Getting from 98% to 99.99% can only be achieved through exponentially larger training sets.

I don't believe this is accurate. Neural Nets also require the right data. If you just have a very large data set, you are likely to get too much data that you don't need and not enough data that you do need. For example, if Tesla collects millions of images from the entire Tesla fleet, they might get a huge data set, but odds are that Tesla will get hundreds of thousands of the same image of the same common case and not enough images of a particular edge case. Remember that a NN only needs like 1000 images to be trained. Anything more than that, is wasted overkill.

Also, FSD is more than just perception. Planning and driving policy is a big part of FSD. You can train neural nets to solve perception but you still need to write the planning and driving policy software that will dictate the rules for how the car will respond to what it sees. So you can have a huge data set but that alone won't solve FSD for you. In fact, I believe that planning and driving policy is what will really differentiate the FSD systems of different companies. Pretty much everybody has solved perception at this point. So what will separate the different systems is how they handle driving policy.

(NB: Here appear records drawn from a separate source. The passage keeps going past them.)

(* Let $m\in\mathbb{N}$ and let $\alpha_1,\dots,\alpha_n\in\mathbb{C}$ be $m$-th roots of unity. Let $q_1$ be the smallest prime factor of $m$, and let $k\in\mathbb{N}$ satisfy $q_1>\max\{n,k\}$. Then $\alpha_1^k+\alpha_2^k+\cdots+\alpha_n^k\neq 0$.
   Context: $\mathbb{N}$ denotes the set of positive integers. The $\alpha_i$ need not be distinct. *)

theory Defs
  imports Complex_Main "HOL-Computational_Algebra.Primes"
begin

end

theory Submission
  imports Defs "Berlekamp_Zassenhaus.Poly_Mod"
begin

(*
  Write alpha_i = z^(a_i) with z = exp(2 pi i / m) and put b_i = k a_i.  If sum_i z^(b_i) = 0,
  the integer polynomial h = sum_i x^(b_i) vanishes at z, hence at every z^j with j coprime
  to m: for a prime r not dividing m, the factor F = gcd h (x^m - 1) also vanishes at z^r,
  since otherwise comparing the Frobenius congruence F(x)^r = F(x^r) (mod r) with the
  derivative of x^m - 1 would make r divide m.

  On the other hand, for fewer exponents than the smallest prime factor of m, some conjugate
  sum sum_i z^(j b_i) with j coprime to m is nonzero.  By induction on m = q n with q prime:
  some residue class of the b_i modulo q is empty, so Fourier inversion over the shifts
  j + s n (0 < s < q) forces every class sum to vanish if all conjugate sums do, and the
  induction hypothesis for n applied to a nonempty class gives a contradiction.
*)

section \<open>Integer polynomials vanishing at roots of unity\<close>

abbreviation ipoly :: "int poly \<Rightarrow> 'a :: comm_ring_1 \<Rightarrow> 'a" where
  "ipoly p \<equiv> poly (of_int_poly p)"

lemma ipoly_hom [simp]:
  fixes x :: "'a :: comm_ring_1"
  shows "ipoly (p + q) x = ipoly p x + ipoly q x"
    and "ipoly (p - q) x = ipoly p x - ipoly q x"
    and "ipoly (- p) x = - ipoly p x"
    and "ipoly (p * q) x = ipoly p x * ipoly q x"
    and "ipoly (p ^ n) x = ipoly p x ^ n"
    and "ipoly (smult c p) x = of_int c * ipoly p x"
    and "ipoly (monom c n) x = of_int c * x ^ n"
    and "ipoly (p \<circ>\<^sub>p q) x = ipoly p (ipoly q x)"
    and "ipoly 1 x = 1"
    and "ipoly [:c:] x = of_int c"
  by (simp_all add: hom_distribs poly_monom poly_pcompose)

lemma ipoly_primitive_part_eq_0:
  fixes x :: "'a :: {idom, ring_char_0}"
  assumes "ipoly p x = 0"
  shows "ipoly (primitive_part p) x = 0"
proof (cases "p = 0")
  case False
  have "ipoly p x = of_int (content p) * ipoly (primitive_part p) x"
    by (metis content_times_primitive_part ipoly_hom(6))
  with assms False show ?thesis by simp
qed simp

lemma ipoly_normalize_eq_0:
  fixes x :: "'a :: {idom, ring_char_0}"
  assumes "ipoly p x = 0"
  shows "ipoly (normalize p) x = 0"
proof (cases "p = 0")
  case False
  have "ipoly p x = of_int (sgn (lead_coeff p)) * ipoly (normalize p) x"
    by (metis unit_factor_mult_normalize unit_factor_poly_def unit_factor_int_def
        monom_0 ipoly_hom(4) ipoly_hom(7) power_0 mult_1_right)
  with assms False show ?thesis by (auto simp: sgn_if split: if_splits)
qed simp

Lastly, remember that edge cases are by definition very rare. Most drivers don't deal with edge cases very often. Most drivers actually deal with common driving cases most of the time. So training your system on a large set of what drivers do, will help solve the common cases, but won't help you as much with those 1 in a million edge cases. That's why solving the last 9's is so difficult.

What I suspect is going on behind the scenes is that Tesla do indeed have MobilEye level Autonomy on their latest version of Navigate on AutoPilot but it’s no where near reliable enough.

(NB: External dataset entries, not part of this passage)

(* Let $\gamma>0$, $R\ge600(\gamma^{3/4}+\gamma^{-3/4})$, and let $j\in\mathbb{N}$ with $$1\le j\le M_R:=\left\lfloor\frac1{32\pi}\frac{\gamma R^2}{\log R}\right\rfloor.$$ Let $w_j$ be the unique solution in $F_j$ of the equation $w=G_{j,R}(w)$ (which exists and is unique for such $R$). Then $-\frac\gamma2\le\operatorname{Im}w_j^2\le0$; consequently $z_j^2:=w_j^2+i\gamma\in\mathbb{C}_+$ and $z_j^2\in\sigma_d(L_{\gamma,R})$.
   Context: $L_{\gamma,R}=-\frac{d^2}{dx^2}+i\gamma\chi_{[0,R]}$ on $L^2(\mathbb{R}_+)$ with Dirichlet boundary condition at $0$; $\sigma_d$ denotes eigenvalues of finite algebraic multiplicity in $\mathbb{C}\setminus\mathbb{R}_+$. $\arg_-(\zeta)\in[-\pi,\pi)$, $\mathrm{sq}_-(\zeta)=\sqrt{|\zeta|}e^{\frac i2\arg_-(\zeta)}$. $A(w)=\log\left|\frac{\mathrm{sq}_-(w^2+i\gamma)-w}{\mathrm{sq}_-(w^2+i\gamma)+w}\right|$, $B_j(w)=\arg_-\!\left(\frac{\mathrm{sq}_-(w^2+i\gamma)-w}{\mathrm{sq}_-(w^2+i\gamma)+w}\right)+2\pi j$, $G_{j,R}(w)=\frac{-B_j(w)+iA(w)}{2R}$, $F_\infty=\{w:\operatorname{Re}w\le0\le\operatorname{Im}w,\ |\operatorname{Re}w|\ge2\operatorname{Im}w\}$, $F_j=\{w\in F_\infty:B_j(w)\ge2|A(w)|\}$. *)

theory Defs
  imports "HOL-Analysis.Analysis"
begin

definition arg_m :: "complex \<Rightarrow> real" where
  "arg_m z = (if Arg z = pi then - pi else Arg z)"

definition sq_m :: "complex \<Rightarrow> complex" where
  "sq_m z = complex_of_real (sqrt (cmod z)) * exp (\<i> * complex_of_real (arg_m z / 2))"

definition quot_fun :: "real \<Rightarrow> complex \<Rightarrow> complex" where
  "quot_fun \<gamma> w = (sq_m (w^2 + \<i> * complex_of_real \<gamma>) - w) / (sq_m (w^2 + \<i> * complex_of_real \<gamma>) + w)"

definition A_fun :: "real \<Rightarrow> complex \<Rightarrow> real" where
  "A_fun \<gamma> w = ln (cmod (quot_fun \<gamma> w))"

definition B_fun :: "real \<Rightarrow> nat \<Rightarrow> complex \<Rightarrow> real" where
  "B_fun \<gamma> j w = arg_m (quot_fun \<gamma> w) + 2 * pi * real j"

definition G_fun :: "real \<Rightarrow> nat \<Rightarrow> real \<Rightarrow> complex \<Rightarrow> complex" where
  "G_fun \<gamma> j R w = (complex_of_real (- B_fun \<gamma> j w) + \<i> * complex_of_real (A_fun \<gamma> w)) / complex_of_real (2 * R)"

definition F_inf :: "complex set" where
  "F_inf = {w. Re w \<le> 0 \<and> 0 \<le> Im w \<and> \<bar>Re w\<bar> \<ge> 2 * Im w}"

definition F_j :: "real \<Rightarrow> nat \<Rightarrow> complex set" where
  "F_j \<gamma> j = {w \<in> F_inf. B_fun \<gamma> j w \<ge> 2 * \<bar>A_fun \<gamma> w\<bar>}"

text \<open>Square integrability on R_+ (functions are only considered on [0,oo)).\<close>
definition L2p :: "(real \<Rightarrow> complex) \<Rightarrow> bool" where
  "L2p u \<longleftrightarrow> set_borel_measurable lborel {0..} u \<and>
     set_integrable lborel {0..} (\<lambda>x. (cmod (u x))^2)"

text \<open>Graph of the operator L_{gamma,R} = -d^2/dx^2 + i gamma chi_[0,R] with Dirichlet condition:
  u is in the (maximal) domain H^2 \<inter> H^1_0 and L u = f (a.e.).  This is written in integrated form:
  u(0) = 0, u' = v with u(x) = int_0^x v, and v(x) = v(0) + int_0^x (i gamma chi u - f),
  i.e. u'' = i gamma chi u - f.\<close>
definition L_rel :: "real \<Rightarrow> real \<Rightarrow> (real \<Rightarrow> complex) \<Rightarrow> (real \<Rightarrow> complex) \<Rightarrow> bool" where
  "L_rel \<gamma> R u f \<longleftrightarrow> L2p u \<and> L2p f \<and> u 0 = 0 \<and>
     (\<exists>v. \<forall>x\<ge>0. set_integrable lborel {0..x} v \<and>
        set_integrable lborel {0..x}
          (\<lambda>t. \<i> * complex_of_real (\<gamma> * indicator {0..R} t) * u t - f t) \<and>
        u x = (LINT t:{0..x}|lborel. v t) \<and>
        v x = v 0 + (LINT t:{0..x}|lborel. \<i> * complex_of_real (\<gamma> * indicator {0..R} t) * u t - f t))"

Honestly, this is pure speculation. There is no evidence at all that Tesla has the same level of FSD that Mobileye has. In fact, the evidence suggests the opposite. Tesla has FSD that works "most of the time" but only in simple cases, definitely behind what Mobileye has.

Once they can ingest vast amounts of edge cases into the Dojo they can train the NNs with self supervision and eventually get to a point where AutoPilot only disagrees with the drivers’ input 0.01% of the time. This is what operation vacation really is: tooling to cluster valuable edge cases where there is statistical difference between driver input and inference all to drive up the reliability enough to be released to the public.

This is what I call the "secret weapon" argument: Tesla has a secret weapon (in this case, it's Dojo and "operation vacation") that as soon as they deploy it, Tesla will win FSD. The reality is that Dojo and "operation vacation" are useful tools that will help Tesla, absolutely. But I don't think they will suddenly win FSD.

Don't get me wrong: I want Tesla to make progress with FSD and give us good stuff. And I think they will do that. I just think we need to be careful not to use the "secret weapon" argument. There is no magic bullet to solving FSD. It takes the right approach and a lot of hard work.